Task — Look through the material below and show every line with the word "Ahat".
....................
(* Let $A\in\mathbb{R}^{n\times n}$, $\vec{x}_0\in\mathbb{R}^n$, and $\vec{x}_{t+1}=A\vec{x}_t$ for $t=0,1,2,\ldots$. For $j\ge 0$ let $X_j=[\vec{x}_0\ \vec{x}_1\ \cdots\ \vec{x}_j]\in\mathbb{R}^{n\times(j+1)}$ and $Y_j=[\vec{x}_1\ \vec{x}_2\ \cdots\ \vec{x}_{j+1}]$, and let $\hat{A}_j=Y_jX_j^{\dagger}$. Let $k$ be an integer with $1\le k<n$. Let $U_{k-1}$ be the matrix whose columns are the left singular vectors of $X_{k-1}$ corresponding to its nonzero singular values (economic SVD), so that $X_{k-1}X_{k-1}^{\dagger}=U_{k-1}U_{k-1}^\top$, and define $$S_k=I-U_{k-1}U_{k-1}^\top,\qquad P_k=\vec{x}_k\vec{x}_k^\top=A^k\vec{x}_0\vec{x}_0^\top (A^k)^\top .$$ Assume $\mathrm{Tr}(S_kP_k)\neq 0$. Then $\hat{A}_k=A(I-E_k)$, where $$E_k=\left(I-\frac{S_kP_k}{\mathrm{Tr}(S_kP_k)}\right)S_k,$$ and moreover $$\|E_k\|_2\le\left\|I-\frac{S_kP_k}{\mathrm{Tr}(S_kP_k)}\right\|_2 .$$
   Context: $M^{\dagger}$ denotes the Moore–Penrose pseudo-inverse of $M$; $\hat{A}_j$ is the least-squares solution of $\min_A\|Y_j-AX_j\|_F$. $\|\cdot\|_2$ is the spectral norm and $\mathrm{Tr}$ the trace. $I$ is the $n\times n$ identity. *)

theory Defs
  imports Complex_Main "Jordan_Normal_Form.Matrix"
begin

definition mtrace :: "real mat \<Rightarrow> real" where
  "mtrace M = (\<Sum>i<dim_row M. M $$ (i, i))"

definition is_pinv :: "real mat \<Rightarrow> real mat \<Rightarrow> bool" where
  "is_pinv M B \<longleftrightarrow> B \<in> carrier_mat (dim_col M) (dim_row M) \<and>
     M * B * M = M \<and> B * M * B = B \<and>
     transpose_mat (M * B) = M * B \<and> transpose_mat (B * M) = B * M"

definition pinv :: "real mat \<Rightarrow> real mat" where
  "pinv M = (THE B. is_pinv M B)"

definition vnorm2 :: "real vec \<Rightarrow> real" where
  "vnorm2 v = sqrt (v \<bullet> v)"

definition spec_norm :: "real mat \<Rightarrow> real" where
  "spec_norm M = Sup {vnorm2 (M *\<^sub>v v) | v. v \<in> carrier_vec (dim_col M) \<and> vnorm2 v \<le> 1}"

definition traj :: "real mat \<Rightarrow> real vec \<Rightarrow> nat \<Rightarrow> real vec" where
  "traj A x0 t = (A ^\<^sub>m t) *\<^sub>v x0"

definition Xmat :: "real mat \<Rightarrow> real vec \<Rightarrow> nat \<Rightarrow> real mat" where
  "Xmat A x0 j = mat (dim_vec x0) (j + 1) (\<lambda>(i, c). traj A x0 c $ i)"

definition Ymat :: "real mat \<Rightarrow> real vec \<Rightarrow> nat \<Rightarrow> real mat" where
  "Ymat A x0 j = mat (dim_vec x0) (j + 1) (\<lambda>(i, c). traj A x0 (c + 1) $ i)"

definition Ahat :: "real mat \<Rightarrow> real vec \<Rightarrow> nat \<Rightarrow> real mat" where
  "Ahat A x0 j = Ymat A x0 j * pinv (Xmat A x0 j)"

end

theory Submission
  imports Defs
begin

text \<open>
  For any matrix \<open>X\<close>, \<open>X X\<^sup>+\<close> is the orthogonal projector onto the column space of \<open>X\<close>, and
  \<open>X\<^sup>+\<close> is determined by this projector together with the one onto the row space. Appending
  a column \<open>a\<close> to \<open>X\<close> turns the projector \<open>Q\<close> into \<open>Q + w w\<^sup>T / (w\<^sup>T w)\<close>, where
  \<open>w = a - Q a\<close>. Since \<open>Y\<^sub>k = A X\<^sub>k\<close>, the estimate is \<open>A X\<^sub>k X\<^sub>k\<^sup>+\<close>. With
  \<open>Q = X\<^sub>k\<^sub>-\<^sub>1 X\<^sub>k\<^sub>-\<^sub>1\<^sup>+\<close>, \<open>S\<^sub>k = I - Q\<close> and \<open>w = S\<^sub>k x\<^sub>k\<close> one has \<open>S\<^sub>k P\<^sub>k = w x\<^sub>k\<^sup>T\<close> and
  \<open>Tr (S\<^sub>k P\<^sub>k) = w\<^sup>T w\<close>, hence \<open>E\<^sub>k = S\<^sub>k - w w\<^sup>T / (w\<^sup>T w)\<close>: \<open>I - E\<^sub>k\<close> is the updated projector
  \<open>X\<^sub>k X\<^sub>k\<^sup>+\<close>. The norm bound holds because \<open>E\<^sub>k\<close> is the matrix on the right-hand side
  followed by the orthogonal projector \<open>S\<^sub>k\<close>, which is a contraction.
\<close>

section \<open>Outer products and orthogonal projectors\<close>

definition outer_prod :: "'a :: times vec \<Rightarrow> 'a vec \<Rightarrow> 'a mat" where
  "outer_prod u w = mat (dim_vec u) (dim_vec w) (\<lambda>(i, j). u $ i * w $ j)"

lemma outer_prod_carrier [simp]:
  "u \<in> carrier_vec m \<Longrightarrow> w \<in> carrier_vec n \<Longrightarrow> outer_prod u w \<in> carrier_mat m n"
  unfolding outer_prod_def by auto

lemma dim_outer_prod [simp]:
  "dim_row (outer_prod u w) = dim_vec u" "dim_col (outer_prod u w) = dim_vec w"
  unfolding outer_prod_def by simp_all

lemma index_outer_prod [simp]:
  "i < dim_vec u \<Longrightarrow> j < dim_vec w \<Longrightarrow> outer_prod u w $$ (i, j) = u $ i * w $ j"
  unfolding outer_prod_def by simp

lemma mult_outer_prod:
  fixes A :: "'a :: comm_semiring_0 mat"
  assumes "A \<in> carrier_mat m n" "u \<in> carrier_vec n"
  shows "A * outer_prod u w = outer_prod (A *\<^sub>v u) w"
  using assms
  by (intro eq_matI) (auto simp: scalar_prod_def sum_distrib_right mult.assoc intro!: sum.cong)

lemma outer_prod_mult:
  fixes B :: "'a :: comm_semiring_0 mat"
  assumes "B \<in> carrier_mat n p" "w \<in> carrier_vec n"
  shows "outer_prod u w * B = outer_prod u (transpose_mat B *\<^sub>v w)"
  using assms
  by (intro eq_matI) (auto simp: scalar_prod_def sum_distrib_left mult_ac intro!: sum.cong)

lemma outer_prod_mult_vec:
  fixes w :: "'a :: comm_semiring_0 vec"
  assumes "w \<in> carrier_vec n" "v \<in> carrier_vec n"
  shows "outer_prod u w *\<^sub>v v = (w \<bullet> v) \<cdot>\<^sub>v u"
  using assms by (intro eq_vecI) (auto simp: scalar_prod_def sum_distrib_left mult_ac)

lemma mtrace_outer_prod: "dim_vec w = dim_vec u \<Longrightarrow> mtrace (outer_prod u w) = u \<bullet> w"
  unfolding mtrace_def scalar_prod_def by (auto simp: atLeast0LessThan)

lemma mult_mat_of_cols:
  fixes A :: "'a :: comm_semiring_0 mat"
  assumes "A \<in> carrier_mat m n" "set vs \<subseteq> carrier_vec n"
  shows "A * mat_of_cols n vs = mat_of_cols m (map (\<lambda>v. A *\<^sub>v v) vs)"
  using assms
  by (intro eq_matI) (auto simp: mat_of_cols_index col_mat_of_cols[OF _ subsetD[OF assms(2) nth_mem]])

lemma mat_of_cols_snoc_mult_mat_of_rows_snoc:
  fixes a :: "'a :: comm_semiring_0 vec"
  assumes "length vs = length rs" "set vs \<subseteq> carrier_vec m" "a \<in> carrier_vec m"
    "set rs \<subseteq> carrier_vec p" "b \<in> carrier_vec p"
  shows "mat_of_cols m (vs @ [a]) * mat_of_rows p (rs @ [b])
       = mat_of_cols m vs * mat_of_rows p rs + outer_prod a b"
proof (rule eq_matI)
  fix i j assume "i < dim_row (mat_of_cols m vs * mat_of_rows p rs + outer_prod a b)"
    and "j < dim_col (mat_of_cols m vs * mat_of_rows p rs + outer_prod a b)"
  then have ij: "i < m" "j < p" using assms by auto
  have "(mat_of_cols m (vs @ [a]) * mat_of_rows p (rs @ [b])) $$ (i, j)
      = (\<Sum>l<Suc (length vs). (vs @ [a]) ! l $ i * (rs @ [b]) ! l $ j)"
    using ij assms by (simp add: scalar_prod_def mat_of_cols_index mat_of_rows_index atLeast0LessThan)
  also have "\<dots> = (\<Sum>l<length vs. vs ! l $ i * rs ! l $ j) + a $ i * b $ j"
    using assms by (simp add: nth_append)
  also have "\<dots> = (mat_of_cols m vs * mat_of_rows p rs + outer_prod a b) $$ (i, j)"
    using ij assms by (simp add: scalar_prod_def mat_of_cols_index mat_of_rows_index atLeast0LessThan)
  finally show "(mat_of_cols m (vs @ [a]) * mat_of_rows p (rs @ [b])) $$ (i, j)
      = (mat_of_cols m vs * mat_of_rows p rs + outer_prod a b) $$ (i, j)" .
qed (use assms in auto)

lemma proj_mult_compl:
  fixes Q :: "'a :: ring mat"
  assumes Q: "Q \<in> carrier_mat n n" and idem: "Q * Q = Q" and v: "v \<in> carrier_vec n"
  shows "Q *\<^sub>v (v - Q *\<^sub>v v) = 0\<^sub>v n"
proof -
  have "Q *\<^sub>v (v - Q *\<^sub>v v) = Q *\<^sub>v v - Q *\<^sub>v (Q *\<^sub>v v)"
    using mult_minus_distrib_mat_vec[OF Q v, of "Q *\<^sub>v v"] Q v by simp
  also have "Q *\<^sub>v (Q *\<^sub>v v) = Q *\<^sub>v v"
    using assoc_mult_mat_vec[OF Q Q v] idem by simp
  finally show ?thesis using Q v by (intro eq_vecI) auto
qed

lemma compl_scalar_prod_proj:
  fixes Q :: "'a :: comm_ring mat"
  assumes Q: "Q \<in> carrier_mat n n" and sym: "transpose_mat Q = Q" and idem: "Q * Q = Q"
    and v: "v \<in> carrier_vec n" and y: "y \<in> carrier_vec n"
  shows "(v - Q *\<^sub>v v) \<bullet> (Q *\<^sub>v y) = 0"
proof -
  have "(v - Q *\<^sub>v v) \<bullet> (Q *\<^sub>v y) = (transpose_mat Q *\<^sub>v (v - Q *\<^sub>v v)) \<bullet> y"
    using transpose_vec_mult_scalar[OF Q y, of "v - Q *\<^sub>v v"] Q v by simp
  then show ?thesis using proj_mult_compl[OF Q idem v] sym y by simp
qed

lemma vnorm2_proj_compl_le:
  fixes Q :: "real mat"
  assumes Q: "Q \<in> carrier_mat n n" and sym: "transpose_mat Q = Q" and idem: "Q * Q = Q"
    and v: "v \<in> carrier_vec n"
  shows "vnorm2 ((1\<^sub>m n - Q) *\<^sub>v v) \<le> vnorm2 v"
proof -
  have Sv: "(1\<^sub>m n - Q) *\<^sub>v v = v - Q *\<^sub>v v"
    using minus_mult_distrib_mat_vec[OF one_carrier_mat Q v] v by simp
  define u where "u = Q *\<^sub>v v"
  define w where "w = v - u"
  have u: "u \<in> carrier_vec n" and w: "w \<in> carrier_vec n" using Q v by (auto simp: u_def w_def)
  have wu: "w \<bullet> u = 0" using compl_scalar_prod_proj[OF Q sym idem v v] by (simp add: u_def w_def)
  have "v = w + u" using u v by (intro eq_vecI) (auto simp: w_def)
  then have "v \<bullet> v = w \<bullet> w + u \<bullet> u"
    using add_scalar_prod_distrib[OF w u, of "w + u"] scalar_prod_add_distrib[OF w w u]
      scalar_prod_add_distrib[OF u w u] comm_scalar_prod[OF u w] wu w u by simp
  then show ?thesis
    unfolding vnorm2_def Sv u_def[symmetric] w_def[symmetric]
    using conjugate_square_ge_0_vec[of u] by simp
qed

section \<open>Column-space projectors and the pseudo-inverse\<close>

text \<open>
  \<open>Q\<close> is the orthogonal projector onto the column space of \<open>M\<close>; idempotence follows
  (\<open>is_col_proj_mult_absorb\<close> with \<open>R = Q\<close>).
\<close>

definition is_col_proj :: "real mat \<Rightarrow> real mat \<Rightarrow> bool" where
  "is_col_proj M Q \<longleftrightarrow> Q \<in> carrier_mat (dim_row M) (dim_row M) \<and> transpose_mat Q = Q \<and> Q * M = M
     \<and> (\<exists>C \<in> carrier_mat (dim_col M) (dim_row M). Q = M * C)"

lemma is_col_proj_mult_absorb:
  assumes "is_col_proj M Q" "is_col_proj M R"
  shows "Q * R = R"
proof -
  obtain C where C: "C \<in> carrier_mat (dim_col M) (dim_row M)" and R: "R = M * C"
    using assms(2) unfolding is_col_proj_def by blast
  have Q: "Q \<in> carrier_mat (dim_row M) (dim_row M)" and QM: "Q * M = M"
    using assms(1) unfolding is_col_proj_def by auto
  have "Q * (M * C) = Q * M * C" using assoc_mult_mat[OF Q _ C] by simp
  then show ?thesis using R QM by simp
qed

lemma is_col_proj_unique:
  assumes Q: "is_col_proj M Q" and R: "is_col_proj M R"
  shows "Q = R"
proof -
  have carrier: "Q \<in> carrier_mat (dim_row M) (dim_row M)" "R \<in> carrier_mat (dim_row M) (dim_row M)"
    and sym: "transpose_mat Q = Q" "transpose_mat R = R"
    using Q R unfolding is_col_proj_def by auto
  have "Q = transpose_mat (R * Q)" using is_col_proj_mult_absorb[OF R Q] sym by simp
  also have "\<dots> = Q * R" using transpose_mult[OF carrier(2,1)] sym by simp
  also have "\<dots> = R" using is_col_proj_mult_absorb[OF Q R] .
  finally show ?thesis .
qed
....................
Output below —
definition Ahat :: "real mat \<Rightarrow> real vec \<Rightarrow> nat \<Rightarrow> real mat" where
  "Ahat A x0 j = Ymat A x0 j * pinv (Xmat A x0 j)"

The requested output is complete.